S. H. Paul1, J. P. Dash1 and M. B. Scott2
1Scion, 49 Sala Street, Private Bag 3020, Rotorua 3046, New Zealand
2Scion, P.O. Box 29237, Fendalton, Christchurch 8041, New Zealand
Northern hemisphere Pinaceae are used very successfully as plantation trees in many southern hemisphere countries and provide significant economic benefits, but are also recognised for their invasiveness, and as transformational invaders in often highly valued environments such as the high country of New Zealand. As part of a successful management strategy, the level of invasiveness of certain species and their dispersal dynamics at specific sites, needs to be understood to predict the risk that existing populations create. Knowledge on the presence, abundance and demographics of invasive Pinaceae across the land is required for efficient control operations and long term successful management. To gain such knowledge, robust detection of infestations is required, whether it is obvious (e.g. dense and large trees) or difficult to spot (e.g. scattered small trees or in rarely visited sites) to inform targeted control of invasive conifers and to protect valuable environments. Our research aims to deliver methods for detection and mapping of invasive conifers at various spatial scales throughout New Zealand’s varied landscapes and across a range of ecosystems, and at the same time inform research on understanding the ecology of invasive tree species better. As part of such a large project, we will present the results of a detailed study in an area known for its vulnerability to pine invasions.
Our study site is a large local Pinaceae infestation which originated from a 25 year old shelterbelt in the South Island high country of New Zealand.
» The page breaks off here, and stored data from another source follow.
lemma td_bags_meeting_connected_set:
  assumes td: "tree_decomposition V E T TE bag" and W: "connected_set E W"
    and p: "is_path T TE p" and hd: "bag (hd p) \<inter> W \<noteq> {}" and last: "bag (last p) \<inter> W \<noteq> {}"
    and k: "k < length p"
  shows "bag (p ! k) \<inter> W \<noteq> {}"
proof
  assume miss: "bag (p ! k) \<inter> W = {}"
  have tree: "is_tree T TE" using td by (rule td_tree)
  have ne: "p \<noteq> []" using is_path_nonempty[OF p] .
  have "k \<noteq> 0" using miss hd ne by (auto simp: hd_conv_nth)
  then obtain i where ik: "k = Suc i" using not0_implies_Suc by blast
  have i: "Suc i < length p" using ik k by simp
  note cross = path_crosses_edge[OF tree p i]
  obtain x y where x: "x \<in> bag (hd p)" "x \<in> W" and y: "y \<in> bag (last p)" "y \<in> W"
    using hd last by blast
  have W_avoids: "W \<subseteq> - (bag (p ! i) \<inter> bag (p ! Suc i))" using miss ik by blast
  have reach: "(x, y) \<in> (edges_within E (- (bag (p ! i) \<inter> bag (p ! Suc i))))\<^sup>*"
    using rtrancl_edges_within_mono[OF W_avoids] W x(2) y(2) unfolding connected_set_def by blast
  have x_out: "x \<notin> bag (p ! i) \<inter> bag (p ! Suc i)" using W_avoids x(2) by blast
  have ends: "hd p \<in> T" "last p \<in> T" using is_path_set[OF p] ne by auto
  have "on_side T TE (p ! i) (p ! Suc i) (last p)"
    using td_tree_edge_separates[OF td _ reach x_out ends(1) x(1) _ ends(2) y(1)] cross by blast
  then show False using cross by blast
qed

section \<open>Fans\<close>

locale fan =
  fixes E :: "'a \<Rightarrow> 'a \<Rightarrow> bool" and V U :: "'a set" and P :: "'a list" and Q :: "'a list set"
  assumes fan_path: "q \<in> Q \<Longrightarrow> is_path V E q"
    and fan_meets_U: "q \<in> Q \<Longrightarrow> set q \<inter> U = {hd q}"
    and fan_meets_P: "q \<in> Q \<Longrightarrow> set q \<inter> set P = {last q}"
    and fan_disjoint: "q \<in> Q \<Longrightarrow> q' \<in> Q \<Longrightarrow> q \<noteq> q' \<Longrightarrow> set q \<inter> set q' \<subseteq> {last q, last q'}"
begin

lemma fan_hd: "q \<in> Q \<Longrightarrow> hd q \<in> U"
  using fan_meets_U by blast

lemma fan_last: "q \<in> Q \<Longrightarrow> last q \<in> set P"
  using fan_meets_P by blast

lemma fan_singleton_if_hd_in_P:
  assumes "q \<in> Q" "hd q \<in> set P"
  shows "q = [hd q]"
proof -
  have q: "distinct q" "q \<noteq> []" using fan_path[OF assms(1)] unfolding is_path_def by auto
  have "hd q = last q" using fan_meets_P[OF assms(1)] assms(2) hd_in_set[OF q(2)] by blast
  with q show ?thesis by (cases q rule: rev_cases) (auto simp: hd_append split: if_splits)
qed

lemma inj_on_hd: "inj_on hd Q"
proof (rule inj_onI, rule ccontr)
  fix q q' assume q: "q \<in> Q" "q' \<in> Q" "hd q = hd q'" "q \<noteq> q'"
  have ne: "q \<noteq> []" "q' \<noteq> []" using q(1,2) fan_path is_path_nonempty by blast+
  have "hd q \<in> set q \<inter> set q'" using hd_in_set[OF ne(1)] hd_in_set[OF ne(2)] q(3) by simp
  then have "hd q \<in> {last q, last q'}" using fan_disjoint[OF q(1,2,4)] by blast
  then have "hd q \<in> set P" using fan_last[OF q(1)] fan_last[OF q(2)] by auto
  then have "q = [hd q]" "q' = [hd q']"
    using fan_singleton_if_hd_in_P[OF q(1)] fan_singleton_if_hd_in_P[OF q(2)] q(3) by simp_all
  then show False using q(3,4) by simp
qed

text \<open>Paths of the fan that meet \<open>S\<close> do so away from \<open>P\<close>, hence in distinct vertices; so
  at most \<open>card S\<close> of them are blocked.\<close>
lemma card_heads_avoiding:
  assumes "finite Q" "finite S" "S \<inter> set P = {}"
  shows "card Q \<le> card (hd ` {q\<in>Q. set q \<inter> S = {}}) + card S"
proof -
  let ?B = "{q\<in>Q. set q \<inter> S \<noteq> {}}" and ?G = "{q\<in>Q. set q \<inter> S = {}}"
  define f where "f q = (SOME s. s \<in> set q \<inter> S)" for q
  have f: "f q \<in> set q \<inter> S" if "q \<in> ?B" for q
  proof -
    have "\<exists>s. s \<in> set q \<inter> S" using that by blast
    then show ?thesis unfolding f_def by (rule someI_ex)
  qed
  have "inj_on f ?B"
  proof (rule inj_onI, rule ccontr)
    fix q q' assume q: "q \<in> ?B" "q' \<in> ?B" "f q = f q'" "q \<noteq> q'"
    then have "f q \<in> set q \<inter> set q'" using f[OF q(1)] f[OF q(2)] by simp
    then have "f q \<in> {last q, last q'}" using fan_disjoint q by blast
    then have "f q \<in> set P" using fan_last q(1,2) by auto
    then show False using f[OF q(1)] assms(3) by blast
  qed
  then have "card ?B \<le> card S" using f assms(2) by (intro card_inj_on_le) auto
  moreover have "card ?G = card (hd ` ?G)"
    using inj_on_subset[OF inj_on_hd] by (simp add: card_image)
  moreover have "card Q = card ?G + card ?B"
  proof -
    have "Q = ?G \<union> ?B" by blast
    then show ?thesis using assms(1) card_Un_disjoint[of ?G ?B] by auto
  qed
  ultimately show ?thesis by linarith
qed
(* Separation: a point outside the closure of a subspace S is separated from S by a
   bounded linear functional (extend  s + t y \<mapsto> t dist(y, S)  from  S + \<real> y). *)
theorem hahn_banach_separation:
  fixes S :: "'b::real_normed_vector set"
  assumes "subspace S" "y \<notin> closure S"
  obtains f :: "'b \<Rightarrow> real" where "bounded_linear f" "\<And>s. s \<in> S \<Longrightarrow> f s = 0" "f y \<noteq> 0"
proof -
  have S_ne: "S \<noteq> {}" using assms(1) subspace_0 by blast
  define d where "d = infdist y S"
  have d_pos: "d > 0"
    using in_closure_iff_infdist_zero[OF S_ne] assms(2) infdist_nonneg[of y S] unfolding d_def by force
  define G0 where "G0 = {(s + t *\<^sub>R y, t * d) | s t. s \<in> S}"
  have "norm_dominated_graph G0" unfolding norm_dominated_graph_def
  proof (intro conjI allI impI)
    fix x a z b assume "(x, a) \<in> G0" "(z, b) \<in> G0"
    then obtain s1 t1 s2 t2 where h: "s1 \<in> S" "s2 \<in> S"
      "x = s1 + t1 *\<^sub>R y" "a = t1 * d" "z = s2 + t2 *\<^sub>R y" "b = t2 * d"
      unfolding G0_def by blast
    have "s1 + s2 \<in> S" using h assms(1) subspace_add by blast
    moreover have "x + z = (s1 + s2) + (t1 + t2) *\<^sub>R y" "a + b = (t1 + t2) * d"
      using h by (auto simp: algebra_simps)
    ultimately show "(x + z, a + b) \<in> G0" unfolding G0_def by blast
  next
    fix x a r assume "(x, a) \<in> G0"
    then obtain s t where h: "s \<in> S" "x = s + t *\<^sub>R y" "a = t * d" unfolding G0_def by blast
    have "r *\<^sub>R s \<in> S" using h assms(1) subspace_scale by blast
    moreover have "r *\<^sub>R x = r *\<^sub>R s + (r * t) *\<^sub>R y" "r * a = (r * t) * d"
      using h by (auto simp: algebra_simps)
    ultimately show "(r *\<^sub>R x, r * a) \<in> G0" unfolding G0_def by blast
  next
    fix x a assume "(x, a) \<in> G0"
    then obtain s t where h: "s \<in> S" "x = s + t *\<^sub>R y" "a = t * d" unfolding G0_def by blast
    show "a \<le> norm x"
    proof (cases "t > 0")
      case False
      hence "t * d \<le> 0" using d_pos by (simp add: mult_nonpos_nonneg)
      thus ?thesis using h by (metis norm_ge_zero order.trans)
    next
      case True
      have "(1 / t) *\<^sub>R (- s) \<in> S" using h assms(1) subspace_scale subspace_neg by blast
      hence "d \<le> norm (y - (1 / t) *\<^sub>R (- s))" unfolding d_def dist_norm[symmetric] by (rule infdist_le)
      hence "t * d \<le> t * norm ((1 / t) *\<^sub>R s + y)" using True by (simp add: add.commute)
      thus ?thesis using h norm_scaleR_inverse_add[OF True, of s y] by simp
    qed
  qed
  moreover have "G0 \<noteq> {}" unfolding G0_def using S_ne by blast
  ultimately obtain f where f: "bounded_linear f" "\<And>x a. (x, a) \<in> G0 \<Longrightarrow> f x = a"
    using hahn_banach_norm_dominated by blast
  have "f s = 0" if "s \<in> S" for s
  proof -
    have "(s + 0 *\<^sub>R y, 0 * d) \<in> G0" unfolding G0_def using that by blast
    thus ?thesis using f(2) by simp
  qed
  moreover have "f y = d"
    using f(2)[of "0 + 1 *\<^sub>R y" "1 * d"] assms(1) subspace_0 unfolding G0_def by fastforce
  ultimately show thesis using that f(1) d_pos by simp
qed

section \<open>Evaluating the Arens extensions\<close>

lemma arens1_apply:
  assumes "bounded_bilinear m"
  shows "blinfun_apply (arens1 m z' x) y = blinfun_apply z' (m x y)"
proof -
  have "bounded_linear (\<lambda>y. blinfun_apply z' (m x y))"
    using bounded_linear_compose[OF blinfun.bounded_linear_right
        bounded_bilinear.bounded_linear_right[OF assms]] .
  thus ?thesis unfolding arens1_def by (simp add: bounded_linear_Blinfun_apply)
qed

lemma bounded_bilinear_arens1:
  assumes m: "bounded_bilinear m"
  shows "bounded_bilinear (arens1 m)"
proof
  obtain K where K: "\<And>x y. norm (m x y) \<le> norm x * norm y * K" "K \<ge> 0"
    using bounded_bilinear.nonneg_bounded[OF m] by blast
  have "norm (arens1 m z' x) \<le> norm z' * norm x * K" for z' x
  proof (rule norm_blinfun_bound)
    show "0 \<le> norm z' * norm x * K" using K(2) by simp
  next
    fix y
    have "norm (blinfun_apply z' (m x y)) \<le> norm z' * norm (m x y)" by (rule norm_blinfun)
    also have "\<dots> \<le> norm z' * (norm x * norm y * K)" by (rule mult_left_mono[OF K(1)]) simp
    finally
    show "norm (blinfun_apply (arens1 m z' x) y) \<le> norm z' * norm x * K * norm y"
      by (simp add: arens1_apply[OF m] algebra_simps)
  qed
  thus "\<exists>K. \<forall>z' x. norm (arens1 m z' x) \<le> norm z' * norm x * K" by blast
qed (auto intro!: blinfun_eqI simp: arens1_apply[OF m] blinfun.add_left blinfun.add_right
    blinfun.scaleR_right scaleR_blinfun.rep_eq bounded_bilinear.add_left[OF m] bounded_bilinear.scaleR_left[OF m])

(* Each further Arens extension is the first Arens extension of the previous one, so the
   evaluation formulas for m^{**} and m^{***} follow by iterating the two lemmas above. *)
lemma arens2_eq_arens1_arens1: "arens2 m = arens1 (arens1 m)"
  by (simp add: fun_eq_iff arens1_def arens2_def)

lemma arens3_eq_arens1_arens2: "arens3 m = arens1 (arens2 m)"
  by (simp add: fun_eq_iff arens1_def arens2_def arens3_def)

lemma arens2_apply:
  assumes "bounded_bilinear m"
  shows "blinfun_apply (arens2 m y'' z') x = blinfun_apply y'' (arens1 m z' x)"
  unfolding arens2_eq_arens1_arens1 by (rule arens1_apply[OF bounded_bilinear_arens1[OF assms]])
lemma objective_alias_concentrate:
  assumes "fs > 0"
  shows "objective fs b S (alias_concentrate fs \<kappa> A) =
    integral {-fs/2..fs/2} (\<lambda>f. A f * S (f + of_int (\<kappa> f) * fs) / (A f + 1 / 2 ^ (2*b)))"
  unfolding objective_def alias_sum_alias_concentrate_mult[OF assms]
    alias_sum_alias_concentrate[OF assms]
proof (rule integral_spike[of "{fs/2}"])
  fix f assume "f \<in> {-fs/2..fs/2} - {fs/2}"
  then have "alias_rep fs f = f"
    using alias_rep_base[OF assms, of f 0] by simp
  then show "A f * S (f + of_int (\<kappa> f) * fs) / (A f + 1 / 2 ^ (2*b)) =
    A (alias_rep fs f) * S (alias_rep fs f + of_int (\<kappa> (alias_rep fs f)) * fs) /
      (A (alias_rep fs f) + 1 / 2 ^ (2*b))" by simp
qed simp

definition alias_window :: "real \<Rightarrow> real \<Rightarrow> int set" where
  "alias_window fs R = {-\<lceil>R/fs\<rceil>..\<lceil>R/fs\<rceil>}"

lemma finite_alias_window: "finite (alias_window fs R)"
  unfolding alias_window_def by simp

lemma zero_in_alias_window:
  assumes "fs > 0" "R \<ge> 0"
  shows "0 \<in> alias_window fs R"
proof -
  have "R/fs \<ge> 0" using assms by simp
  then show ?thesis unfolding alias_window_def by simp
qed

lemma alias_outside_window:
  assumes "fs > 0" and support: "\<And>f. \<bar>f\<bar> \<ge> R \<Longrightarrow> S f = 0"
    and "\<bar>y\<bar> \<le> fs/2" "j \<notin> alias_window fs R"
  shows "S (y + of_int j * fs) = 0"
proof (rule support)
  have "\<bar>j\<bar> \<ge> \<lceil>R/fs\<rceil> + 1"
    using assms(4) unfolding alias_window_def by auto
  then have "real_of_int \<bar>j\<bar> \<ge> real_of_int (\<lceil>R/fs\<rceil> + 1)"
    by (simp only: of_int_le_iff)
  then have "real_of_int \<bar>j\<bar> \<ge> R/fs + 1"
    using le_of_int_ceiling[of "R/fs"] by linarith
  then have "real_of_int \<bar>j\<bar> * fs \<ge> (R/fs + 1) * fs"
    using assms(1) by (simp add: mult_right_mono)
  then have "\<bar>of_int j * fs\<bar> \<ge> R + fs"
    using assms(1) by (simp add: abs_mult distrib_right)
  then show "\<bar>y + of_int j * fs\<bar> \<ge> R"
    using assms(1,3) by linarith
qed

text \<open>Only for \<open>\<bar>y\<bar> \<le> fs/2\<close> does the window contain every alias of \<open>y\<close> at which \<open>S\<close> can be
  nonzero; there this is the maximum over all aliases.\<close>
definition alias_peak :: "real \<Rightarrow> real \<Rightarrow> (real \<Rightarrow> real) \<Rightarrow> real \<Rightarrow> real" where
  "alias_peak fs R S y = Max ((\<lambda>j. S (y + of_int j * fs)) ` alias_window fs R)"

lemma alias_peak_attained:
  assumes "fs > 0" "R \<ge> 0"
  shows "\<exists>k \<in> alias_window fs R. S (y + of_int k * fs) = alias_peak fs R S y"
proof -
  have "alias_peak fs R S y \<in> (\<lambda>j. S (y + of_int j * fs)) ` alias_window fs R"
    unfolding alias_peak_def
    by (rule Max_in) (use finite_alias_window zero_in_alias_window[OF assms] in auto)
  then show ?thesis by auto
qed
A comprehensive field survey was undertaken to provide ground truthing for remote detection and detailed information on structure and composition of the infestation representing a “first order” dispersal of trees, spreading from a known source (no secondary spread from newly established trees has yet occurred in the infestation). Multi-scale remote sensing data (airborne LiDAR sensor, ALS; and spectral imagery) were acquired from an unmanned aerial vehicle (UAV) and a fixed wing manned aircraft. Data fusion methods were developed to enhance the detection of invasive conifers and analysis techniques were deployed which enabled us to define the detection threshold for various sensors.
Our ground survey expanded across more than 800 ha. More than 17,000 trees were measured (Height range = 1 cm to 476 cm) and georeferenced providing spatially accurate information on abundance, maturity (coning) and size distributions. The full census allowed us to test the detection ability of our remote sensing approaches and we found that data from both platforms and using both logistic regression and random forests for classification provided highly accurate (kappa < 0:996) detection of invasive conifers. Our study showed that the data from both UAV and manned aircraft was useful for detecting trees as small as 1 m in height and enabled us to detect nearly every coning individual in the surveyed area. It also allowed us to describe the spread pattern accurately and mapping the densities across the topography of the study site. Both will enable us to test various hypotheses on wind dispersal patterns.
The results of the remote sensing work allowed us to remotely map, with a given accuracy, the full extent of the infestation as the basis for future control. Furthermore, the results provide confidence on the usability and cost efficiency of remote sensing approaches to detect invasive tree species early enough for effective control and management in New Zealand’s High country.